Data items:
● ● ● ● ●

(* Let $\mathcal R$ be a reaction network and $\mathcal U=\mathcal U_1\cup\mathcal U_2\subseteq\mathcal S$ with $\mathcal U_1\cap\mathcal U_2=\emptyset$. Suppose $\mathcal U_1$ is eliminable in $\mathcal R$ with respect to $\mathcal F_1\subseteq\mathcal R_{\mathcal U_1}$, $\mathcal U_2$ is eliminable in $\mathcal R$ with respect to $\mathcal F_2\subseteq\mathcal R_{\mathcal U_2}$, and $(\mathcal R_{\mathcal U_1}\cup\mathcal R_{\mathcal U_1}')\cap(\mathcal R_{\mathcal U_2}\cup\mathcal R_{\mathcal U_2}')=\emptyset$. Then $\mathcal U$ is eliminable in $\mathcal R$ with respect to $\mathcal F=\mathcal F_1\cup\mathcal F_2$.
   Context: Species $S_1,\dots,S_n$ are the unit vectors of $\mathbb{N}_0^n$ and $\mathcal S=\{S_1,\dots,S_n\}$; for $x\in\mathbb{N}_0^n$, $\mathrm{supp}(x)=\{S_k: x^k>0\}$. A reaction network (RN) is a (possibly infinite) subset $\mathcal R\subseteq\mathbb{N}_0^n\times\mathbb{N}_0^n$ containing no $(y,y')$ with $y=y'$; elements $(y,y')$ are reactions $y\to y'$ with reactant $y$ and product $y'$. For $r_1=(y_1,y_1'),\ r_2=(y_2,y_2')$ define $r_1\oplus r_2=(y_1+0\vee(y_2-y_1'),\ y_2'+0\vee(y_1'-y_2))$ ($\vee$ componentwise maximum); it is associative. $\mathrm{cl}(A)$ is the set of all finite $\oplus$-sums of elements of $A$, including $(0,0)$. For $\mathcal U\subseteq\mathcal S$ and a set $B\subseteq\mathbb{N}_0^n\times\mathbb{N}_0^n$ write $B_{\mathcal U}=\{(y,y')\in B:\mathrm{supp}(y)\cap\mathcal U\neq\emptyset\}$ and $B_{\mathcal U}'=\{(y,y')\in B:\mathrm{supp}(y')\cap\mathcal U\neq\emptyset\}$. Set $\overline{\mathcal R}=\mathrm{cl}(\mathcal R)$ and $\overline{\mathcal R}_0=\overline{\mathcal R}\setminus(\overline{\mathcal R}_{\mathcal U}\cup\overline{\mathcal R}_{\mathcal U}')$ (for the relevant $\mathcal U$). A set $\mathcal U\subseteq\mathcal S$ is eliminable in $\mathcal R$ with respect to $\mathcal F\subseteq\mathcal R_{\mathcal U}$ if for every $r_0\in\mathcal R_{\mathcal U}'$ and every $r_1\in\mathrm{cl}(\mathcal F)$ with $r_0\oplus r_1\notin\overline{\mathcal R}_{\mathcal U}$ there exists $r_2\in\mathrm{cl}(\mathcal F)$ with $r_0\oplus r_1\oplus r_2\in\overline{\mathcal R}_0$. *)

theory Defs
  imports Main
begin

(* Species are indexed by a finite type 's (species S_k <-> index k);
   complexes are vectors in N_0^S, i.e. functions 's => nat. *)
type_synonym 's complex = "'s \<Rightarrow> nat"
type_synonym 's reaction = "'s complex \<times> 's complex"

definition supp :: "'s complex \<Rightarrow> 's set" where
  "supp x = {k. x k > 0}"

definition reaction_network :: "'s reaction set \<Rightarrow> bool" where
  "reaction_network R \<longleftrightarrow> (\<forall>(y, y') \<in> R. y \<noteq> y')"

(* r1 (+) r2 = (y1 + 0 \<or> (y2 - y1'), y2' + 0 \<or> (y1' - y2)); truncated nat
   subtraction a - b equals max 0 (a - b) componentwise *)
definition oplus :: "'s reaction \<Rightarrow> 's reaction \<Rightarrow> 's reaction" (infixl "\<oplus>" 65) where
  "r1 \<oplus> r2 = (case r1 of (y1, y1') \<Rightarrow> case r2 of (y2, y2') \<Rightarrow>
      (\<lambda>k. y1 k + max 0 (y2 k - y1' k), \<lambda>k. y2' k + max 0 (y1' k - y2 k)))"

inductive_set cl :: "'s reaction set \<Rightarrow> 's reaction set" for A where
  cl_zero: "(\<lambda>_. 0, \<lambda>_. 0) \<in> cl A"
| cl_step: "r \<in> cl A \<Longrightarrow> a \<in> A \<Longrightarrow> r \<oplus> a \<in> cl A"

definition react_U :: "'s set \<Rightarrow> 's reaction set \<Rightarrow> 's reaction set" where
  "react_U U B = {(y, y') \<in> B. supp y \<inter> U \<noteq> {}}"

definition prod_U :: "'s set \<Rightarrow> 's reaction set \<Rightarrow> 's reaction set" where
  "prod_U U B = {(y, y') \<in> B. supp y' \<inter> U \<noteq> {}}"

definition cl0 :: "'s set \<Rightarrow> 's reaction set \<Rightarrow> 's reaction set" where
  "cl0 U R = cl R - (react_U U (cl R) \<union> prod_U U (cl R))"

definition eliminable :: "'s set \<Rightarrow> 's reaction set \<Rightarrow> 's reaction set \<Rightarrow> bool" where
  "eliminable U R F \<longleftrightarrow> F \<subseteq> react_U U R \<and>
     (\<forall>r0 \<in> prod_U U R. \<forall>r1 \<in> cl F. r0 \<oplus> r1 \<notin> react_U U (cl R) \<longrightarrow>
        (\<exists>r2 \<in> cl F. r0 \<oplus> r1 \<oplus> r2 \<in> cl0 U R))"

end

theory Submission
  imports Defs
begin

text \<open>Suppose \<open>r\<^sub>0\<close> produces a species of \<open>U\<^sub>1\<close>. By the disjointness hypothesis, \<open>r\<^sub>0\<close> and every
  reaction of \<open>F\<^sub>1\<close> neither consume nor produce species of \<open>U\<^sub>2\<close>, while every reaction of \<open>F\<^sub>2\<close>
  consumes one. Hence if \<open>r\<^sub>0 \<oplus> r\<^sub>1\<close> with \<open>r\<^sub>1 \<in> cl (F\<^sub>1 \<union> F\<^sub>2)\<close> consumes no species of \<open>U\<close>,
  then \<open>r\<^sub>1\<close> uses no reaction of \<open>F\<^sub>2\<close>: the first one would have to consume a \<open>U\<^sub>2\<close>-species
  that nothing before it produced. Eliminability of \<open>U\<^sub>1\<close> then supplies \<open>r\<^sub>2 \<in> cl F\<^sub>1\<close>, and
  \<open>r\<^sub>0 \<oplus> r\<^sub>1 \<oplus> r\<^sub>2\<close>, being built from reactions avoiding \<open>U\<^sub>2\<close>, avoids all of \<open>U\<close>.
  The case where \<open>r\<^sub>0\<close> produces a species of \<open>U\<^sub>2\<close> is symmetric.\<close>

lemma fst_oplus [simp]: "fst (r1 \<oplus> r2) k = fst r1 k + (fst r2 k - snd r1 k)"
  by (cases r1, cases r2) (simp add: oplus_def)

lemma snd_oplus [simp]: "snd (r1 \<oplus> r2) k = snd r2 k + (snd r1 k - fst r2 k)"
  by (cases r1, cases r2) (simp add: oplus_def)

lemma reaction_eqI:
  "(\<And>k. fst r k = fst r' k) \<Longrightarrow> (\<And>k. snd r k = snd r' k) \<Longrightarrow> r = (r' :: 's reaction)"
  by (rule prod_eqI) (auto intro: ext)

lemma oplus_assoc: "r1 \<oplus> (r2 \<oplus> r3) = r1 \<oplus> r2 \<oplus> (r3 :: 's reaction)"
  by (rule reaction_eqI; simp; arith)

lemma oplus_zero_right [simp]: "r \<oplus> (\<lambda>_. 0, \<lambda>_. 0) = r"
  by (rule reaction_eqI) simp_all

lemma oplus_zero_left [simp]: "(\<lambda>_. 0, \<lambda>_. 0) \<oplus> r = r"
  by (rule reaction_eqI) simp_all

lemma cl_mono: "A \<subseteq> B \<Longrightarrow> cl A \<subseteq> cl B"
proof
  fix r assume "A \<subseteq> B" and "r \<in> cl A"
  from \<open>r \<in> cl A\<close> show "r \<in> cl B"
    by (induction r rule: cl.induct) (use \<open>A \<subseteq> B\<close> in \<open>auto intro: cl.intros\<close>)
qed

lemma cl_oplus_closed: "r2 \<in> cl A \<Longrightarrow> r1 \<in> cl A \<Longrightarrow> r1 \<oplus> r2 \<in> cl A"
proof (induction r2 rule: cl.induct)
  case cl_zero then show ?case by simp
next
  case (cl_step r a) then show ?case by (metis oplus_assoc cl.cl_step)
qed

lemma cl_base: "a \<in> A \<Longrightarrow> a \<in> cl A"
  by (metis cl.cl_step cl.cl_zero oplus_zero_left)

lemma mem_react_U: "r \<in> react_U U B \<longleftrightarrow> r \<in> B \<and> (\<exists>k\<in>U. fst r k > 0)"
  by (cases r) (auto simp: react_U_def supp_def)

lemma mem_prod_U: "r \<in> prod_U U B \<longleftrightarrow> r \<in> B \<and> (\<exists>k\<in>U. snd r k > 0)"
  by (cases r) (auto simp: prod_U_def supp_def)

definition avoids :: "'s set \<Rightarrow> 's reaction \<Rightarrow> bool" where
  "avoids U r \<longleftrightarrow> (\<forall>k\<in>U. fst r k = 0 \<and> snd r k = 0)"

lemma mem_cl0: "r \<in> cl0 U R \<longleftrightarrow> r \<in> cl R \<and> avoids U r"
  by (auto simp: cl0_def mem_react_U mem_prod_U avoids_def)

lemma avoids_Un: "avoids (U1 \<union> U2) r \<longleftrightarrow> avoids U1 r \<and> avoids U2 r"
  by (auto simp: avoids_def)

lemma avoids_oplus: "avoids U r1 \<Longrightarrow> avoids U r2 \<Longrightarrow> avoids U (r1 \<oplus> r2)"
  by (simp add: avoids_def)

lemma cl_avoids: "r \<in> cl A \<Longrightarrow> (\<And>a. a \<in> A \<Longrightarrow> avoids U a) \<Longrightarrow> avoids U r"
  by (induction r rule: cl.induct) (auto simp: avoids_def)

lemma avoids_of_disjoint_react_prod:
  assumes "r \<in> react_U U1 R \<union> prod_U U1 R"
    and "(react_U U1 R \<union> prod_U U1 R) \<inter> (react_U U2 R \<union> prod_U U2 R) = {}"
  shows "avoids U2 r"
proof -
  have "r \<in> R"
    using assms(1) by (auto simp: mem_react_U mem_prod_U)
  moreover have "r \<notin> react_U U2 R \<union> prod_U U2 R"
    using assms by blast
  ultimately have "\<forall>k\<in>U2. \<not> fst r k > 0 \<and> \<not> snd r k > 0"
    by (simp add: mem_react_U mem_prod_U)
  then show ?thesis by (simp add: avoids_def)
qed

lemma cl_Un_in_cl_or_consumes:
  assumes "r \<in> cl (F \<union> G)"
    and F: "\<And>a. a \<in> F \<Longrightarrow> avoids U a"
    and G: "\<And>a. a \<in> G \<Longrightarrow> \<exists>k\<in>U. fst a k > 0"
    and x: "\<forall>k\<in>U. snd x k = 0"
  shows "r \<in> cl F \<or> (\<exists>k\<in>U. fst (x \<oplus> r) k > 0)"
  using assms(1)
proof (induction r rule: cl.induct)
  case cl_zero then show ?case by (simp add: cl.cl_zero)
next
  case (cl_step r a)
  have consumes_mono: "\<exists>k\<in>U. fst (x \<oplus> (r \<oplus> a)) k > 0" if "\<exists>k\<in>U. fst (x \<oplus> r) k > 0"
    using that unfolding oplus_assoc by (metis add_gr_0 fst_oplus)
  from cl_step.IH show ?case
  proof
    assume r: "r \<in> cl F"
    show ?case
    proof (cases "a \<in> F")
      case True
      then show ?thesis using r by (blast intro: cl.cl_step)
    next
      case False
      then obtain k where k: "k \<in> U" "fst a k > 0" using G cl_step.hyps(2) by blast
      have "snd (x \<oplus> r) k = 0"
        using cl_avoids[OF r F] x k(1) by (simp add: avoids_def)
      then have "fst (x \<oplus> (r \<oplus> a)) k > 0"
        using k(2) unfolding oplus_assoc fst_oplus by simp
      then show ?thesis using k(1) by blast
    qed
  qed (use consumes_mono in blast)
qed

lemma eliminable_Un_produced_left:
  assumes F1: "F1 \<subseteq> react_U U1 R" and F2: "F2 \<subseteq> react_U U2 R"
    and el: "eliminable U1 R F1"
    and disj: "(react_U U1 R \<union> prod_U U1 R) \<inter> (react_U U2 R \<union> prod_U U2 R) = {}"
    and r0: "r0 \<in> prod_U U1 R" and r1: "r1 \<in> cl (F1 \<union> F2)"
    and not_consumed: "r0 \<oplus> r1 \<notin> react_U (U1 \<union> U2) (cl R)"
  shows "\<exists>r2 \<in> cl (F1 \<union> F2). r0 \<oplus> r1 \<oplus> r2 \<in> cl0 (U1 \<union> U2) R"
proof -
  have F1_avoids: "avoids U2 a" if "a \<in> F1" for a
    using that F1 disj by (blast intro: avoids_of_disjoint_react_prod)
  have r0_avoids: "avoids U2 r0"
    using r0 disj by (blast intro: avoids_of_disjoint_react_prod)
  have "r0 \<oplus> r1 \<in> cl R"
  proof (rule cl_oplus_closed)
    show "r0 \<in> cl R" using r0 by (simp add: mem_prod_U cl_base)
    have "F1 \<union> F2 \<subseteq> R" using F1 F2 by (auto simp: mem_react_U)
    then show "r1 \<in> cl R" using r1 cl_mono by blast
  qed
  then have no_fst: "\<forall>k\<in>U1 \<union> U2. fst (r0 \<oplus> r1) k = 0"
    using not_consumed by (auto simp: mem_react_U simp del: fst_oplus)
  have "r1 \<in> cl F1 \<or> (\<exists>k\<in>U2. fst (r0 \<oplus> r1) k > 0)"
    by (rule cl_Un_in_cl_or_consumes[OF r1 F1_avoids])
      (use F2 r0_avoids in \<open>auto simp: mem_react_U avoids_def\<close>)
  then have r1_F1: "r1 \<in> cl F1"
    using no_fst by fastforce
  moreover have "r0 \<oplus> r1 \<notin> react_U U1 (cl R)"
    using no_fst by (auto simp: mem_react_U simp del: fst_oplus)
  ultimately obtain r2 where r2: "r2 \<in> cl F1" and "r0 \<oplus> r1 \<oplus> r2 \<in> cl0 U1 R"
    using el r0 unfolding eliminable_def by blast
  moreover have "avoids U2 (r0 \<oplus> r1 \<oplus> r2)"
    using r0_avoids cl_avoids[OF r1_F1 F1_avoids] cl_avoids[OF r2 F1_avoids]
    by (simp add: avoids_oplus)
  ultimately have "r0 \<oplus> r1 \<oplus> r2 \<in> cl0 (U1 \<union> U2) R"
    by (simp add: mem_cl0 avoids_Un)
  moreover have "r2 \<in> cl (F1 \<union> F2)"
    using r2 cl_mono[of F1 "F1 \<union> F2"] by blast
  ultimately show ?thesis by blast
qed

theorem proposition4p6:
  fixes R F1 F2 :: "('s::finite) reaction set" and U1 U2 :: "'s set"
  assumes "reaction_network R"
    and "U1 \<inter> U2 = {}"
    and "F1 \<subseteq> react_U U1 R" and "F2 \<subseteq> react_U U2 R"
    and "eliminable U1 R F1" and "eliminable U2 R F2"
    and "(react_U U1 R \<union> prod_U U1 R) \<inter> (react_U U2 R \<union> prod_U U2 R) = {}"
  shows "eliminable (U1 \<union> U2) R (F1 \<union> F2)"
  unfolding eliminable_def
proof (intro conjI ballI impI)
  show "F1 \<union> F2 \<subseteq> react_U (U1 \<union> U2) R"
    using assms(3,4) by (auto simp: react_U_def)
next
  fix r0 r1
  assume r0: "r0 \<in> prod_U (U1 \<union> U2) R" and r1: "r1 \<in> cl (F1 \<union> F2)"
    and not_consumed: "r0 \<oplus> r1 \<notin> react_U (U1 \<union> U2) (cl R)"
  from r0 consider "r0 \<in> prod_U U1 R" | "r0 \<in> prod_U U2 R"
    by (auto simp: mem_prod_U)
  then show "\<exists>r2\<in>cl (F1 \<union> F2). r0 \<oplus> r1 \<oplus> r2 \<in> cl0 (U1 \<union> U2) R"
  proof cases
    case 1
    then show ?thesis
      using eliminable_Un_produced_left[OF assms(3-5,7) _ r1 not_consumed] by blast
  next
    case 2
    then show ?thesis
      using eliminable_Un_produced_left[of F2 U2 R F1 U1 r0 r1] assms(3,4,6,7) r1 not_consumed
      by (simp add: Un_commute Int_commute)
  qed
qed

end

● ● ● ● ●

Task requirements -
Send back an exact copy of only the lines from the line with "R \<longleftrightarrow> r" up to and including the line with "by (auto simp: avoids_def)" in the data above.

Your response -
lemma mem_cl0: "r \<in> cl0 U R \<longleftrightarrow> r \<in> cl R \<and> avoids U r"
  by (auto simp: cl0_def mem_react_U mem_prod_U avoids_def)

lemma avoids_Un: "avoids (U1 \<union> U2) r \<longleftrightarrow> avoids U1 r \<and> avoids U2 r"
  by (auto simp: avoids_def)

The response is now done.